## Problem description
Check each line of the entries below for the word "forall", then state how many lines have it and nothing more.

*** Material supplied ***

(* Let $n\ge 1$ and let $f\in\mathcal{G}_1$ be $n$-ary, $f=2x_1\cdots x_n\left(\sum_{i=1}^n a_ix_i^2+\sum_{i=1}^n b_ix_i+c\right)$, with $a_i\neq0$ for some $i$. Then $2u_n\in C(f)$, where $u_n=x_1\cdots x_n(x_1+1)$.
   Context: All operations are on $\mathbb{Z}_8$. $\mathcal{G}_1$ is the set of all operations (of any arity $n\ge1$) of the form $2x_1\cdots x_n\left(\sum_{i=1}^n a_ix_i^2+\sum_{i=1}^n b_ix_i+c\right)$ with $a_i,b_i\in\{0,1\}$ and $c\in\{0,1,2,3\}$. For an operation $f$, $C(f)$ denotes the clone generated by $f$ together with binary addition and all unary constant operations. *)

theory Defs
  imports "HOL-Library.Numeral_Type"
begin

text \<open>The ring Z_8 is the numeral type 8. A finitary operation on Z_8 is a pair
(n, phi) with arity n \<ge> 1 and phi :: (nat \<Rightarrow> 8) \<Rightarrow> 8, normalised so that phi only
looks at the arguments 0..n-1 (argument x_i of the paper is x (i-1)).\<close>

type_synonym z8 = "8"
type_synonym operation = "nat \<times> ((nat \<Rightarrow> z8) \<Rightarrow> z8)"

definition canon :: "nat \<Rightarrow> ((nat \<Rightarrow> z8) \<Rightarrow> z8) \<Rightarrow> (nat \<Rightarrow> z8) \<Rightarrow> z8" where
  "canon n \<phi> = (\<lambda>x. \<phi> (\<lambda>i. if i < n then x i else 0))"

definition mk_op :: "nat \<Rightarrow> ((nat \<Rightarrow> z8) \<Rightarrow> z8) \<Rightarrow> operation" where
  "mk_op n \<phi> = (n, canon n \<phi>)"

inductive_set clone_gen :: "operation set \<Rightarrow> operation set" for F where
  gen: "g \<in> F \<Longrightarrow> g \<in> clone_gen F"
| proj: "1 \<le> n \<Longrightarrow> i < n \<Longrightarrow> mk_op n (\<lambda>x. x i) \<in> clone_gen F"
| comp: "(k, g) \<in> clone_gen F \<Longrightarrow> 1 \<le> n \<Longrightarrow> (\<forall>j<k. (n, h j) \<in> clone_gen F)
         \<Longrightarrow> mk_op n (\<lambda>x. g (\<lambda>j. h j x)) \<in> clone_gen F"

definition C :: "operation \<Rightarrow> operation set" where
  "C f = clone_gen ({f, mk_op 2 (\<lambda>x. x 0 + x 1)} \<union> {mk_op 1 (\<lambda>x. c) | c. True})"

definition G1_op :: "nat \<Rightarrow> (nat \<Rightarrow> z8) \<Rightarrow> (nat \<Rightarrow> z8) \<Rightarrow> z8 \<Rightarrow> operation" where
  "G1_op n a b c = mk_op n (\<lambda>x. 2 * (\<Prod>i<n. x i) *
      ((\<Sum>i<n. a i * (x i)^2) + (\<Sum>i<n. b i * x i) + c))"

definition u_op :: "nat \<Rightarrow> (nat \<Rightarrow> z8) \<Rightarrow> z8" where
  "u_op n = (\<lambda>x. (\<Prod>i<n. x i) * (x 0 + 1))"

end

theory Submission
  imports Defs "HOL-Combinatorics.Permutations"
begin

(* After permuting the variables we may assume a_1 = 1. Substituting v for x_1 in f gives
   R(x) * g(v) with g(v) = 2 v (v^2 + b_1 v + K(x)), where R = x_2 ... x_n and K do not depend
   on x_1. Over Z_8 one has 3 g(t+1) + 6 g(t) + 5 g(1) + g(7t) = 2 t (t+1) whatever K is, because
   the K-terms add up to 16 K (2t+1). So this Z_8-linear combination of substitution instances
   of f, which lies in C(f), is 2 x_1 R (x_1+1) = 2 u_n. *)

lemma clone_gen_compose:
  assumes "(k, g) \<in> clone_gen F" "1 \<le> n" "\<And>j. j < k \<Longrightarrow> mk_op n (h j) \<in> clone_gen F"
  shows "mk_op n (\<lambda>x. g (\<lambda>j. h j x)) \<in> clone_gen F"
proof -
  have "mk_op n (\<lambda>x. g (\<lambda>j. canon n (h j) x)) \<in> clone_gen F"
    using assms by (intro clone_gen.comp) (auto simp: mk_op_def)
  then show ?thesis by (simp add: mk_op_def canon_def cong: if_cong)
qed

lemma C_generator: "f \<in> C f"
  unfolding C_def by (rule clone_gen.gen) simp

lemma C_const:
  assumes "1 \<le> n"
  shows "mk_op n (\<lambda>_. d) \<in> C f"
proof -
  have "(1, canon 1 (\<lambda>_. d)) \<in> C f"
    unfolding C_def mk_op_def[symmetric] by (rule clone_gen.gen) blast
  from clone_gen_compose[OF this[unfolded C_def] assms, of "\<lambda>_ x. x 0"] assms
  show ?thesis by (simp add: C_def canon_def clone_gen.proj)
qed

lemma C_add:
  assumes "1 \<le> n" "mk_op n \<phi> \<in> C f" "mk_op n \<psi> \<in> C f"
  shows "mk_op n (\<lambda>x. \<phi> x + \<psi> x) \<in> C f"
proof -
  have "(2, canon 2 (\<lambda>x. x 0 + x 1)) \<in> C f"
    unfolding C_def mk_op_def[symmetric] by (rule clone_gen.gen) simp
  from clone_gen_compose[OF this[unfolded C_def] assms(1), of "\<lambda>j. if j = 0 then \<phi> else \<psi>"] assms
  show ?thesis by (simp add: C_def canon_def)
qed

lemma C_of_nat_mult:
  assumes "1 \<le> n" "mk_op n \<phi> \<in> C f"
  shows "mk_op n (\<lambda>x. of_nat m * \<phi> x) \<in> C f"
proof (induction m)
  case 0
  show ?case using C_const[OF assms(1)] by simp
next
  case (Suc m)
  from C_add[OF assms(1,2) Suc] show ?case by (simp add: algebra_simps)
qed

definition G1_poly :: "nat \<Rightarrow> (nat \<Rightarrow> z8) \<Rightarrow> (nat \<Rightarrow> z8) \<Rightarrow> z8 \<Rightarrow> (nat \<Rightarrow> z8) \<Rightarrow> z8" where
  "G1_poly n a b c x = 2 * (\<Prod>i<n. x i) * ((\<Sum>i<n. a i * (x i)^2) + (\<Sum>i<n. b i * x i) + c)"

lemma canon_G1_poly: "canon n (G1_poly n a b c) = G1_poly n a b c"
  by (simp add: fun_eq_iff canon_def G1_poly_def)

lemma G1_op_eq: "G1_op n a b c = (n, G1_poly n a b c)"
  using canon_G1_poly by (simp add: G1_op_def mk_op_def G1_poly_def[abs_def])

lemma G1_poly_comp_permutes:
  assumes "\<sigma> permutes {..<n}"
  shows "G1_poly n a b c (\<lambda>i. x (\<sigma> i)) = G1_poly n (a \<circ> inv \<sigma>) (b \<circ> inv \<sigma>) c x"
  using prod.permute[OF assms, of x] sum.permute[OF assms, of "\<lambda>i. a (inv \<sigma> i) * (x i)^2"]
    sum.permute[OF assms, of "\<lambda>i. b (inv \<sigma> i) * x i"]
  by (simp add: G1_poly_def comp_def permutes_inverses(2)[OF assms])

lemma G1_poly_upd_first:
  assumes "a 0 = 1"
  shows "G1_poly (Suc m) a b c (x(0 := v)) = (\<Prod>i<m. x (Suc i)) *
    (2 * v * (v^2 + b 0 * v + ((\<Sum>i<m. a (Suc i) * (x (Suc i))^2) + (\<Sum>i<m. b (Suc i) * x (Suc i)) + c)))"
  unfolding G1_poly_def prod.lessThan_Suc_shift sum.lessThan_Suc_shift
  using assms by (simp add: algebra_simps)

lemma G1_poly_permute_in_clone:
  assumes "(n, G1_poly n a b c) \<in> clone_gen F" "1 \<le> n" "\<sigma> permutes {..<n}"
  shows "(n, G1_poly n (a \<circ> inv \<sigma>) (b \<circ> inv \<sigma>) c) \<in> clone_gen F"
proof -
  have "mk_op n (\<lambda>x. G1_poly n a b c (\<lambda>j. x (\<sigma> j))) \<in> clone_gen F"
    using assms(1,2) by (rule clone_gen_compose)
      (auto intro!: clone_gen.proj simp: assms(2) permutes_in_image[OF assms(3), unfolded lessThan_iff])
  then show ?thesis
    by (simp add: G1_poly_comp_permutes[OF assms(3)] mk_op_def canon_G1_poly)
qed

lemma z8_cubic_combination:
  fixes t B K :: z8
  assumes "B \<in> {0, 1}"
  defines "g \<equiv> \<lambda>v. 2 * v * (v^2 + B * v + K)"
  shows "3 * g (t + 1) + 6 * g t + 5 * g 1 + g (7 * t) = 2 * t * (t + 1)"
proof -
  have sixteen: "(16::z8) = 0" by simp
  have "3 * g (t + 1) + 6 * g t + 5 * g 1 + g (7 * t)
      = 2 * (3 * (t + 1)^3 + 6 * t^3 + 5 + 343 * t^3 + B * (3 * (t + 1)^2 + 6 * t^2 + 5 + 49 * t^2))
        + 16 * K * (2 * t + 1)"
    unfolding g_def by (simp add: power2_eq_square power3_eq_cube algebra_simps)
  also have "\<dots> = 2 * (3 * (t + 1)^3 + 6 * t^3 + 5 + 343 * t^3 + B * (3 * (t + 1)^2 + 6 * t^2 + 5 + 49 * t^2))"
    unfolding sixteen by simp
  also have "\<dots> = 2 * t * (t + 1)"
  proof (induct t rule: bit0.induct)
    case (1 z)
    then have "z \<in> {0, 1, 2, 3, 4, 5, 6, 7}" by auto
    then show ?case using assms by auto
  qed
  finally show ?thesis .
qed

lemma two_u_op_in_C:
  assumes "(Suc m, G1_poly (Suc m) a b c) \<in> C f" "a 0 = 1" "b 0 \<in> {0, 1}"
  shows "mk_op (Suc m) (\<lambda>x. 2 * u_op (Suc m) x) \<in> C f"
proof -
  define G_at where "G_at \<tau> x = G1_poly (Suc m) a b c (x(0 := \<tau> x))" for \<tau> x
  have G_at_in_C: "mk_op (Suc m) (G_at \<tau>) \<in> C f" if \<tau>_in_C: "mk_op (Suc m) \<tau> \<in> C f" for \<tau>
  proof -
    have upd_in_C: "mk_op (Suc m) (\<lambda>x. (x(0 := \<tau> x)) j) \<in> C f" if "j < Suc m" for j
      using \<tau>_in_C that by (cases "j = 0") (simp_all add: C_def clone_gen.proj)
    show ?thesis
      using clone_gen_compose[where h = "\<lambda>j x. (x(0 := \<tau> x)) j",
        OF assms(1)[unfolded C_def] _ upd_in_C[unfolded C_def]]
      unfolding G_at_def C_def by (simp add: fun_upd_def)
  qed
  have x0_in_C: "mk_op (Suc m) (\<lambda>x. x 0) \<in> C f"
    unfolding C_def by (rule clone_gen.proj) simp_all
  have combination_eq: "of_nat 3 * G_at (\<lambda>x. x 0 + 1) x + of_nat 6 * G_at (\<lambda>x. x 0) x
      + of_nat 5 * G_at (\<lambda>_. 1) x + G_at (\<lambda>x. of_nat 7 * x 0) x = 2 * u_op (Suc m) x" for x
  proof -
    define K where "K = (\<Sum>i<m. a (Suc i) * (x (Suc i))^2) + (\<Sum>i<m. b (Suc i) * x (Suc i)) + c"
    define g where "g v = 2 * v * (v^2 + b 0 * v + K)" for v
    have "G_at \<tau> x = (\<Prod>i<m. x (Suc i)) * g (\<tau> x)" for \<tau>
      unfolding G_at_def g_def K_def by (rule G1_poly_upd_first[of a, OF assms(2)])
    then have "of_nat 3 * G_at (\<lambda>x. x 0 + 1) x + of_nat 6 * G_at (\<lambda>x. x 0) x
        + of_nat 5 * G_at (\<lambda>_. 1) x + G_at (\<lambda>x. of_nat 7 * x 0) x
        = (\<Prod>i<m. x (Suc i)) * (3 * g (x 0 + 1) + 6 * g (x 0) + 5 * g 1 + g (7 * x 0))"
      by (simp add: algebra_simps)
    also have "\<dots> = (\<Prod>i<m. x (Suc i)) * (2 * x 0 * (x 0 + 1))"
      unfolding g_def by (simp only: z8_cubic_combination[OF assms(3)])
    also have "\<dots> = 2 * u_op (Suc m) x"
      unfolding u_op_def prod.lessThan_Suc_shift by (simp add: algebra_simps)
    finally show ?thesis .
  qed
  have "mk_op (Suc m) (\<lambda>x. of_nat 3 * G_at (\<lambda>x. x 0 + 1) x + of_nat 6 * G_at (\<lambda>x. x 0) x
      + of_nat 5 * G_at (\<lambda>_. 1) x + G_at (\<lambda>x. of_nat 7 * x 0) x) \<in> C f"
    by (intro C_add C_of_nat_mult G_at_in_C C_const x0_in_C) simp_all
  then show ?thesis
    by (simp only: combination_eq)
qed

theorem lemma4p3:
  fixes n :: nat and a b :: "nat \<Rightarrow> z8" and c :: z8
  assumes "n \<ge> 1"
    and "\<forall>i<n. a i \<in> {0, 1}" and "\<forall>i<n. b i \<in> {0, 1}"
    and "c \<in> {0, 1, 2, 3}"
    and "\<exists>i<n. a i \<noteq> 0"
  shows "mk_op n (\<lambda>x. 2 * u_op n x) \<in> C (G1_op n a b c)"
proof -
  obtain m where n: "n = Suc m" using assms(1) by (cases n) auto
  obtain i where i: "i < n" "a i = 1" using assms(2,5) by auto
  define \<sigma> where "\<sigma> = transpose 0 i"
  have \<sigma>: "\<sigma> permutes {..<n}" using i(1) assms(1) unfolding \<sigma>_def by (intro permutes_swap_id) auto
  have "(n, G1_poly n a b c) \<in> C (G1_op n a b c)"
    using C_generator by (simp add: G1_op_eq)
  then have "(n, G1_poly n (a \<circ> \<sigma>) (b \<circ> \<sigma>) c) \<in> C (G1_op n a b c)"
    using G1_poly_permute_in_clone[OF _ assms(1) \<sigma>] by (simp add: C_def \<sigma>_def)
  moreover have "(a \<circ> \<sigma>) 0 = 1" "(b \<circ> \<sigma>) 0 \<in> {0, 1}"
    using i assms(3) by (simp_all add: \<sigma>_def)
  ultimately show ?thesis unfolding n by (rule two_u_op_in_C)
qed

end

*** End of Material supplied ***

## Exercise answer
2